_Material to process_:
(* Let $q$ be a prime power, let $n_1,n_2,m\ge1$ and $k_1,k_2$ be integers such that for $i=1,2$, $k_i^m\equiv 1\pmod{n_i}$ and $k_i^t\not\equiv 1\pmod{n_i}$ for $1\le t\le m-1$, and let $$G_2=(C_{n_1}\times C_{n_2})\rtimes C_m=\langle x,y,z\mid x^{n_1}=y^{n_2}=z^m=1,\ xy=yx,\ z^{-1}xz=x^{k_1},\ z^{-1}yz=y^{k_2}\rangle .$$ Order the $n_1n_2m$ elements of $G_2$ so that $z^iy^jx^k$ ($0\le k\le n_1-1$, $0\le j\le n_2-1$, $0\le i\le m-1$) is in position $1+k+n_1j+n_1n_2i$, and identify $\mathbb{F}_qG_2$ with $\mathbb{F}_q^{n_1n_2m}$ via $\Psi$ with respect to this ordering. Let $v\in\mathbb{F}_qG_2$ and let $C(v)$ be the code generated by the rows of $\sigma_{G_2}(v)$. Suppose $(b_1,\dots,b_{n_1n_2m})\in C(v)$. For $0\le i\le m-1$ and $0\le j\le n_2-1$ define $$\mathbf{b}_{j+1}'^{(i+1)}=(b_{in_1n_2+jn_1+1},b_{in_1n_2+jn_1+2},\dots,b_{in_1n_2+(j+1)n_1}),\qquad \mathbf{b}_{j+1}^{(i+1)}=T_{n_1}^{[k_1^i]_{n_1}}\big(\mathbf{b}_{j+1}'^{(i+1)}\big),$$ $$\widetilde{\mathbf{b}_{i+1}}=(\mathbf{b}_1^{(i+1)},\dots,\mathbf{b}_{n_2}^{(i+1)}),\qquad \widetilde{\mathbf{b}_{i+1}'}=T_{n_2}^{[k_2^i]_{n_2}}\big(\mathbf{b}_1'^{(i+1)},\dots,\mathbf{b}_{n_2}'^{(i+1)}\big),$$ $$\widetilde{\mathbf{b}_{i+1}''}=(b_{1+n_1n_2i},b_{2+n_1n_2i},\dots,b_{n_1n_2(i+1)}),$$ where $T_{n_2}$ acts on the $n_2$-tuple of blocks. Then the concatenations $(\widetilde{\mathbf{b}_1},\dots,\widetilde{\mathbf{b}_m})$, $(\widetilde{\mathbf{b}_1'},\dots,\widetilde{\mathbf{b}_m'})$ and $T_m(\widetilde{\mathbf{b}_1''},\dots,\widetilde{\mathbf{b}_m''})$ are also codewords of $C(v)$.
   Context: For a finite group $G=\{g_1,\dots,g_N\}$ with a fixed ordering, $\mathbb{F}_qG$ is the group ring, and $\Psi:\mathbb{F}_qG\to\mathbb{F}_q^N$ sends $v=\sum_{i}\alpha_{g_i}g_i$ to $(\alpha_{g_1},\dots,\alpha_{g_N})$. The group ring matrix $\sigma_G(v)$ is the $N\times N$ matrix whose $(i,j)$ entry is $\alpha_{g_i^{-1}g_j}$; $C(v)$ denotes the row space of $\sigma_G(v)$. For a tuple $(c_1,\dots,c_r)$ (of scalars or of vectors), $T_r(c_1,\dots,c_r)=(c_r,c_1,\dots,c_{r-1})$ is the cyclic shift, and $T_r^s$ is its $s$-th iterate. For integers $a$ and $n\ge1$, $[a]_n$ denotes the smallest positive integer $a'$ with $a\equiv a'\pmod n$. *)

theory Defs
  imports "HOL-Algebra.Group" "HOL-Number_Theory.Cong"
begin

text \<open>Elements z^i y^j x^k of G_2 = (C_n1 x C_n2) \<rtimes> C_m are represented by
  triples (i,j,k) with 0 \<le> i < m, 0 \<le> j < n2, 0 \<le> k < n1.  Using the relations
  x z = z x^k1 and y z = z y^k2 one gets
  (z^i y^j x^k)(z^i' y^j' x^k') = z^(i+i') y^(j k2^i' + j') x^(k k1^i' + k').\<close>

definition G2_mult :: "nat \<Rightarrow> nat \<Rightarrow> nat \<Rightarrow> int \<Rightarrow> int \<Rightarrow> int \<times> int \<times> int \<Rightarrow> int \<times> int \<times> int \<Rightarrow> int \<times> int \<times> int" where
  "G2_mult n1 n2 m k1 k2 a b = (case a of (i, j, k) \<Rightarrow> case b of (i', j', k') \<Rightarrow>
     ((i + i') mod int m, (j * k2 ^ nat i' + j') mod int n2, (k * k1 ^ nat i' + k') mod int n1))"

definition G2_carrier :: "nat \<Rightarrow> nat \<Rightarrow> nat \<Rightarrow> (int \<times> int \<times> int) set" where
  "G2_carrier n1 n2 m = {(i, j, k). 0 \<le> i \<and> i < int m \<and> 0 \<le> j \<and> j < int n2 \<and> 0 \<le> k \<and> k < int n1}"

definition G2 :: "nat \<Rightarrow> nat \<Rightarrow> nat \<Rightarrow> int \<Rightarrow> int \<Rightarrow> (int \<times> int \<times> int) monoid" where
  "G2 n1 n2 m k1 k2 = \<lparr>carrier = G2_carrier n1 n2 m, monoid.mult = G2_mult n1 n2 m k1 k2, one = (0, 0, 0)\<rparr>"

text \<open>The fixed ordering: the element z^i y^j x^k is at (0-based) position k + n1 j + n1 n2 i.\<close>
definition G2_elem :: "nat \<Rightarrow> nat \<Rightarrow> nat \<Rightarrow> int \<times> int \<times> int" where
  "G2_elem n1 n2 p = (int (p div (n1 * n2)), int ((p div n1) mod n2), int (p mod n1))"

text \<open>Group ring matrix sigma_G(v): entry (r,c) is alpha(g_r^{-1} g_c); v is given by
  its coefficient function alpha, g enumerates the group (0-based), N = |G|.\<close>
definition grm :: "('g, 'b) monoid_scheme \<Rightarrow> (nat \<Rightarrow> 'g) \<Rightarrow> ('g \<Rightarrow> 'a) \<Rightarrow> nat \<Rightarrow> nat \<Rightarrow> 'a" where
  "grm G g alpha r c = alpha (inv\<^bsub>G\<^esub> (g r) \<otimes>\<^bsub>G\<^esub> g c)"

definition code :: "('g, 'b) monoid_scheme \<Rightarrow> (nat \<Rightarrow> 'g) \<Rightarrow> nat \<Rightarrow> ('g \<Rightarrow> 'a::field) \<Rightarrow> 'a list set" where
  "code G g N alpha = {map (\<lambda>c. \<Sum>r<N. lam r * grm G g alpha r c) [0..<N] | lam. True}"

definition T :: "'x list \<Rightarrow> 'x list" where
  "T xs = (if xs = [] then [] else last xs # butlast xs)"

definition Tpow :: "nat \<Rightarrow> 'x list \<Rightarrow> 'x list" where
  "Tpow s = T ^^ s"

definition posmod :: "int \<Rightarrow> nat \<Rightarrow> nat" where
  "posmod a n = (LEAST a'. a' > 0 \<and> [a = int a'] (mod int n))"

end

theory Submission
  imports Defs
begin

text \<open>The code C(v) is stable under left translation: for u in G let sigma be the
  permutation of positions with g_(sigma c) = u g_c; replacing a codeword b by
  (b_(sigma c))_c only reindexes the rows of sigma_G(v) that b combines, since
  (u^-1 g_r)^-1 g_c = g_r^-1 u g_c.  In G_2 one computes
  x^-1 z^i y^j x^k = z^i y^j x^(k - k1^i),  y^-1 z^i y^j x^k = z^i y^(j - k2^i) x^k  and
  z^-1 z^i y^j x^k = z^(i-1) y^j x^k,  while T^s moves the entry at index j - s to index j.
  As [k^i]_n is congruent to k^i modulo n, the three rearrangements in the theorem are
  exactly the left translations by x^-1, y^-1 and z^-1.\<close>

lemma cong_pow_exp_mod:
  fixes k :: int
  assumes "[k ^ m = 1] (mod n)"
  shows "[k ^ (a mod m) = k ^ a] (mod n)"
proof -
  have "[(k ^ m) ^ (a div m) * k ^ (a mod m) = 1 ^ (a div m) * k ^ (a mod m)] (mod n)"
    by (intro cong_mult cong_pow assms cong_refl)
  then show ?thesis
    by (simp add: cong_sym_eq flip: power_mult power_add)
qed
lemma semidirect_of_kernel_image:
  assumes g: "g \<in> hom G G"
    and ker: "kernel G G (g \<circ> g) = kernel G G g" and img: "(g \<circ> g) ` carrier G = g ` carrier G"
  shows "semidirect_of G (kernel G G g) (g ` carrier G)"
proof -
  interpret group_hom G G g by (simp add: group_hom_def group_hom_axioms_def g is_group)
  have "kernel G G g \<inter> g ` carrier G \<subseteq> {\<one>}"
  proof
    fix x assume "x \<in> kernel G G g \<inter> g ` carrier G"
    then obtain y where y: "y \<in> carrier G" "x = g y" "g (g y) = \<one>"
      by (auto simp: kernel_def)
    then have "y \<in> kernel G G g" using ker by (auto simp: kernel_def)
    then show "x \<in> {\<one>}" using y by (simp add: kernel_def)
  qed
  moreover have "carrier G \<subseteq> kernel G G g <#> g ` carrier G"
  proof
    fix x assume x: "x \<in> carrier G"
    then obtain y where y: "y \<in> carrier G" "g x = g (g y)"
      using img by (metis comp_apply image_eqI image_iff)
    have "g (x \<otimes> inv (g y)) = \<one>" using x y by simp
    then have "x \<otimes> inv (g y) \<in> kernel G G g" using x y by (simp add: kernel_def)
    moreover have "x = (x \<otimes> inv (g y)) \<otimes> g y" using x y by (simp add: m_assoc)
    ultimately show "x \<in> kernel G G g <#> g ` carrier G"
      using y by (auto simp: set_mult_def)
  qed
  moreover have "kernel G G g <#> g ` carrier G \<subseteq> carrier G"
    by (auto simp: set_mult_def kernel_def)
  moreover have "\<one> \<in> kernel G G g \<inter> g ` carrier G"
    using subgroup.one_closed[OF img_is_subgroup] by (simp add: kernel_def)
  ultimately show ?thesis
    unfolding semidirect_of_def by (intro conjI normal_kernel img_is_subgroup equalityI) auto
qed

lemma hom_restrict_kernel_funpow:
  assumes f: "f \<in> hom G G"
  shows "f \<in> hom (G\<lparr>carrier := kernel G G (f ^^ n)\<rparr>) (G\<lparr>carrier := kernel G G (f ^^ n)\<rparr>)"
  using hom_in_carrier[OF f] hom_mult[OF f] hom_one[OF f is_group is_group]
  by (intro homI) (auto simp: kernel_def simp flip: funpow_swap1)

lemma iso_restrict_image_funpow:
  assumes f: "f \<in> hom G G"
    and ker: "kernel G G (f ^^ Suc n) = kernel G G (f ^^ n)"
    and img: "(f ^^ Suc n) ` carrier G = (f ^^ n) ` carrier G"
  defines "I \<equiv> (f ^^ n) ` carrier G"
  shows "f \<in> iso (G\<lparr>carrier := I\<rparr>) (G\<lparr>carrier := I\<rparr>)"
proof -
  interpret f: group_hom G G f
    by (simp add: group_hom_def group_hom_axioms_def f is_group)
  interpret fn: group_hom G G "f ^^ n"
    by (simp add: group_hom_def group_hom_axioms_def funpow_hom[OF f] is_group)
  have I: "subgroup I G" unfolding I_def by (rule fn.img_is_subgroup)
  have fI: "f ` I = I" using img by (simp add: I_def image_comp funpow_swap1)
  have "inj_on f I"
  proof (rule inj_onI)
    fix a b assume a: "a \<in> I" and b: "b \<in> I" and e: "f a = f b"
    have ab: "a \<in> carrier G" "b \<in> carrier G" using a b subgroup.subset[OF I] by auto
    have "a \<otimes> inv b \<in> I" using a b I by (simp add: subgroup.m_closed subgroup.m_inv_closed)
    then obtain w where w: "w \<in> carrier G" "a \<otimes> inv b = (f ^^ n) w" by (auto simp: I_def)
    have "(f ^^ Suc n) w = f (a \<otimes> inv b)" using w by simp
    also have "\<dots> = \<one>" using ab e by simp
    finally have "w \<in> kernel G G (f ^^ n)" using w ker by (auto simp: kernel_def)
    then have "a \<otimes> inv b = \<one>" using w by (simp add: kernel_def)
    then show "a = b" using ab by (metis inv_equality inv_inv inv_closed)
  qed
  moreover have "f \<in> hom (G\<lparr>carrier := I\<rparr>) (G\<lparr>carrier := I\<rparr>)"
    using fI subgroup.subset[OF I] by (intro homI) (auto simp: subset_iff)
  ultimately show ?thesis using fI by (simp add: iso_def bij_betw_def)
qed

end

lemma (in group) mult_inv_cancel_left [simp]: "x \<in> carrier G \<Longrightarrow> y \<in> carrier G \<Longrightarrow> x \<otimes> (inv x \<otimes> y) = y"
  by (simp flip: m_assoc)

lemma (in group) inv_mult_cancel_left [simp]: "x \<in> carrier G \<Longrightarrow> y \<in> carrier G \<Longrightarrow> inv x \<otimes> (x \<otimes> y) = y"
  by (simp flip: m_assoc)

locale circle_setup = group G for G :: "('a, 'b) monoid_scheme" (structure) +
  fixes \<psi> :: "'a \<Rightarrow> 'a" and \<epsilon> :: int
  assumes psi_hom: "\<psi> \<in> hom G G"
    and center_condition:
      "(\<epsilon> = -1 \<and> \<psi> ` comm_subgroup G (psi_comm G \<psi>) (carrier G) \<subseteq> grp_center G)
     \<or> (\<epsilon> = 1 \<and> \<psi> ` comm_subgroup G (\<psi> ` carrier G) (carrier G) \<subseteq> grp_center G)"
begin

sublocale psi: group_hom G G \<psi>
  by (simp add: group_hom_def group_hom_axioms_def psi_hom is_group)
lemma derivable_deduction: "derivable \<Gamma> (insert a S) b \<Longrightarrow> derivable \<Gamma> S (Imp a b)"
proof (induction rule: derivable.induct)
  case (derivable_ICK c)
  then show ?case
    using derivable.derivable_mp[OF derivable.derivable_ICK[OF ICK.ax_K] derivable.derivable_ICK]
    by blast
next
  case (derivable_assm c)
  then show ?case
    using derivable.derivable_mp[OF derivable.derivable_ICK[OF ICK.ax_K] derivable.derivable_assm]
      derivable.derivable_ICK[OF ICK_Imp_self] by auto
next
  case (derivable_mp c d)
  then show ?case
    using derivable.derivable_mp[OF derivable.derivable_mp[OF derivable.derivable_ICK[OF ICK.ax_S]]]
    by blast
qed

lemma derivable_mono:
  assumes "derivable \<Gamma> S a" and "S \<subseteq> T"
  shows "derivable \<Gamma> T a"
  using assms(1)
proof induction
  case (derivable_ICK a) then show ?case by (rule derivable.derivable_ICK)
next
  case (derivable_assm a) then show ?case using assms(2) by (simp add: derivable.derivable_assm subsetD)
next
  case (derivable_mp a b) from derivable_mp.IH show ?case by (rule derivable.derivable_mp)
qed

lemma derivable_finite: "derivable \<Gamma> S a \<Longrightarrow> \<exists>F. finite F \<and> F \<subseteq> S \<and> derivable \<Gamma> F a"
proof (induction rule: derivable.induct)
  case (derivable_ICK a)
  then show ?case by (intro exI[of _ "{}"]) (simp add: derivable.derivable_ICK)
next
  case (derivable_assm a)
  then show ?case by (intro exI[of _ "{a}"]) (simp add: derivable.derivable_assm)
next
  case (derivable_mp a b)
  then obtain F G where "finite F" "F \<subseteq> S" "derivable \<Gamma> F (Imp a b)"
    and "finite G" "G \<subseteq> S" "derivable \<Gamma> G a" by blast
  then have "derivable \<Gamma> (F \<union> G) (Imp a b)" and "derivable \<Gamma> (F \<union> G) a"
    using derivable_mono by blast+
  then show ?case
    using \<open>finite F\<close> \<open>finite G\<close> \<open>F \<subseteq> S\<close> \<open>G \<subseteq> S\<close>
    by (intro exI[of _ "F \<union> G"]) (simp add: derivable.derivable_mp)
qed

definition is_theory :: "fm set \<Rightarrow> fm set \<Rightarrow> bool" where
  "is_theory \<Gamma> S \<longleftrightarrow> ICK \<Gamma> \<subseteq> S \<and> (\<forall>a b. Imp a b \<in> S \<longrightarrow> a \<in> S \<longrightarrow> b \<in> S)"

definition prime_theory :: "fm set \<Rightarrow> fm set \<Rightarrow> bool" where
  "prime_theory \<Gamma> S \<longleftrightarrow> is_theory \<Gamma> S \<and> Bot \<notin> S \<and> (\<forall>a b. Or a b \<in> S \<longrightarrow> a \<in> S \<or> b \<in> S)"

lemma theory_ICK: "is_theory \<Gamma> S \<Longrightarrow> a \<in> ICK \<Gamma> \<Longrightarrow> a \<in> S"
  unfolding is_theory_def by blast

lemma theory_mp: "is_theory \<Gamma> S \<Longrightarrow> Imp a b \<in> S \<Longrightarrow> a \<in> S \<Longrightarrow> b \<in> S"
  unfolding is_theory_def by blast

lemma theory_derivable:
  assumes "is_theory \<Gamma> S" and "derivable \<Gamma> S a"
  shows "a \<in> S"
  using assms(2)
proof induction
  case (derivable_ICK a) then show ?case by (rule theory_ICK[OF assms(1)])
next
  case (derivable_assm a) then show ?case .
next
  case (derivable_mp a b) from derivable_mp.IH show ?case by (rule theory_mp[OF assms(1)])
qed

lemma is_theory_ICK: "is_theory \<Gamma> (ICK \<Gamma>)"
  unfolding is_theory_def using ICK.mp by blast

lemma derivable_empty: "derivable \<Gamma> {} a \<Longrightarrow> a \<in> ICK \<Gamma>"
  using theory_derivable[OF is_theory_ICK] derivable_mono by blast

lemma derivable_Union_chain:
  assumes "C \<noteq> {}" and "subset.chain {T. \<not> derivable \<Gamma> T \<psi>} C"
  shows "\<not> derivable \<Gamma> (\<Union>C) \<psi>"
proof
  assume "derivable \<Gamma> (\<Union>C) \<psi>"
  then obtain F where "finite F" "F \<subseteq> \<Union>C" "derivable \<Gamma> F \<psi>"
    using derivable_finite by metis
  obtain T where "T \<in> C" "F \<subseteq> T"
    using finite_subset_Union_chain[OF \<open>finite F\<close> \<open>F \<subseteq> \<Union>C\<close> assms] .
  have "derivable \<Gamma> T \<psi>"
    by (rule derivable_mono[OF \<open>derivable \<Gamma> F \<psi>\<close> \<open>F \<subseteq> T\<close>])
  moreover have "\<not> derivable \<Gamma> T \<psi>"
    using assms(2) \<open>T \<in> C\<close> unfolding subset.chain_def by blast
  ultimately show False by blast
qed

lemma maximal_nonderiving_prime_theory:
  assumes M: "\<not> derivable \<Gamma> M \<psi>" and maximal: "\<And>c. c \<notin> M \<Longrightarrow> derivable \<Gamma> (insert c M) \<psi>"
  shows "prime_theory \<Gamma> M"
proof -
  have derives_Imp: "derivable \<Gamma> M (Imp c \<psi>)" if "c \<notin> M" for c
    using derivable_deduction[OF maximal[OF that]] .
  have closed: "c \<in> M" if "derivable \<Gamma> M c" for c
  proof (rule ccontr)
    assume "c \<notin> M"
    with M show False using derivable_mp[OF derives_Imp that] by blast
  qed
  have "is_theory \<Gamma> M"
    unfolding is_theory_def
    using closed[OF derivable_ICK] closed[OF derivable_mp[OF derivable_assm derivable_assm]] by blast
  moreover have "Bot \<notin> M"
  proof
    assume "Bot \<in> M"
    with M show False using derivable_mp[OF derivable_ICK[OF ICK.ax_efq] derivable_assm] by blast
  qed
  moreover have "a \<in> M \<or> b \<in> M" if "Or a b \<in> M" for a b
  proof (rule ccontr)
    assume "\<not> (a \<in> M \<or> b \<in> M)"
    then have "derivable \<Gamma> M (Imp (Or a b) \<psi>)"
      using derivable_mp[OF derivable_mp[OF derivable_ICK[OF ICK.ax_orE] derives_Imp] derives_Imp]
      by blast
    with M show False using derivable_mp[OF _ derivable_assm[OF that]] by blast
  qed
  ultimately show ?thesis unfolding prime_theory_def by blast
qed
(* Let $(X,\mu,S,T)$ be a free, magic, ergodic system with commuting transformations and let $\mathcal W=\mathcal I_S\vee\mathcal I_T$. Then the $\sigma$-algebra $\mathcal I_{T\times T}$ of $(T\times T)$-invariant sets of $(X^2,\mu_S)$ is measurable with respect to $\mathcal W\otimes\mathcal W$ (mod $\mu_S$-null sets); equivalently, for all $f_0,f_1\in L^\infty(\mu)$, \[\mathbb E(f_0\otimes f_1|\mathcal I_{T\times T})=\mathbb E\big(\mathbb E(f_0|\mathcal W)\otimes\mathbb E(f_1|\mathcal W)\,\big|\,\mathcal I_{T\times T}\big)\quad \mu_S\text{-a.e.}\]
   Context: $\mathcal I_R$ is the $\sigma$-algebra of $R$-invariant sets. $\mu_S$ is the measure on $X^2$ with $\int f_0\otimes f_1\,d\mu_S=\int\mathbb E(f_0|\mathcal I_S)\mathbb E(f_1|\mathcal I_S)\,d\mu$; it is invariant under $T\times T$. $\mu_{S,T}$ on $X^4$: $\int f_0\otimes f_1\otimes f_2\otimes f_3\,d\mu_{S,T}=\int\mathbb E(f_0\otimes f_1|\mathcal I_{T\times T})\mathbb E(f_2\otimes f_3|\mathcal I_{T\times T})\,d\mu_S$. $\|f\|_{\mu,S,T}=(\int f^{\otimes4}d\mu_{S,T})^{1/4}$. Magic: $\mathbb E(f|\mathcal I_S\vee\mathcal I_T)=0$ iff $\|f\|_{\mu,S,T}=0$. Free: $S^iT^j\neq{\rm id}$ for $(i,j)\neq(0,0)$. *)

theory Defs
  imports "HOL-Probability.Probability"
begin

definition mpt :: "'a measure \<Rightarrow> ('a \<Rightarrow> 'a) \<Rightarrow> bool" where
  "mpt M T \<longleftrightarrow> T \<in> measurable M M \<and> distr M M T = M"
(* Let $\mathbf v,\mathbf o\in\mathbb{R}^n$, $\mathbf u\in\mathbb{R}^n\setminus\{0\}$, $d\in\mathbb{R}$ and $r>0$, and consider the problem $$f^*=\min_{\mathbf w\in\mathbb{R}^n}\mathbf v^T\mathbf w\quad\text{s.t.}\quad\mathbf u^T\mathbf w\le d,\ \ \|\mathbf w-\mathbf o\|\le r,$$ assumed feasible in the sense that $\frac{|\mathbf u^T\mathbf o-d|}{\|\mathbf u\|}\le r$. Let $d'=d-\mathbf u^T\mathbf o$. Then: 1. If $\mathbf v^T\mathbf u+\frac{\|\mathbf v\|d'}{r}\ge0$, then $f^*=\mathbf v^T\mathbf o-r\|\mathbf v\|$. 2. Otherwise, $$f^*=\mathbf v^T\mathbf o-\|\mathbf v^\perp\|\sqrt{r^2-\frac{(d')^2}{\|\mathbf u\|^2}}+\frac{\mathbf v^T\mathbf u\,d'}{\|\mathbf u\|^2},$$ where $\mathbf v^\perp=\mathbf v-\frac{\mathbf v^T\mathbf u}{\|\mathbf u\|^2}\mathbf u$.
   Context: $\|\cdot\|$ denotes the Euclidean norm. *)

theory Defs
  imports "HOL-Analysis.Analysis"
begin

definition feas_set :: "'a::euclidean_space \<Rightarrow> real \<Rightarrow> 'a \<Rightarrow> real \<Rightarrow> 'a set" where
  "feas_set u d c r = {w. u \<bullet> w \<le> d \<and> norm (w - c) \<le> r}"

definition is_min_value :: "'a::euclidean_space \<Rightarrow> 'a set \<Rightarrow> real \<Rightarrow> bool" where
  "is_min_value v S f \<longleftrightarrow> (\<exists>w\<in>S. v \<bullet> w = f) \<and> (\<forall>w\<in>S. f \<le> v \<bullet> w)"

end

theory Submission
  imports Defs
begin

_Exercise goal_: Search the listing for the word "based" and return each line that holds it.

_Written reply_:
text \<open>The fixed ordering: the element z^i y^j x^k is at (0-based) position k + n1 j + n1 n2 i.\<close>
  its coefficient function alpha, g enumerates the group (0-based), N = |G|.\<close>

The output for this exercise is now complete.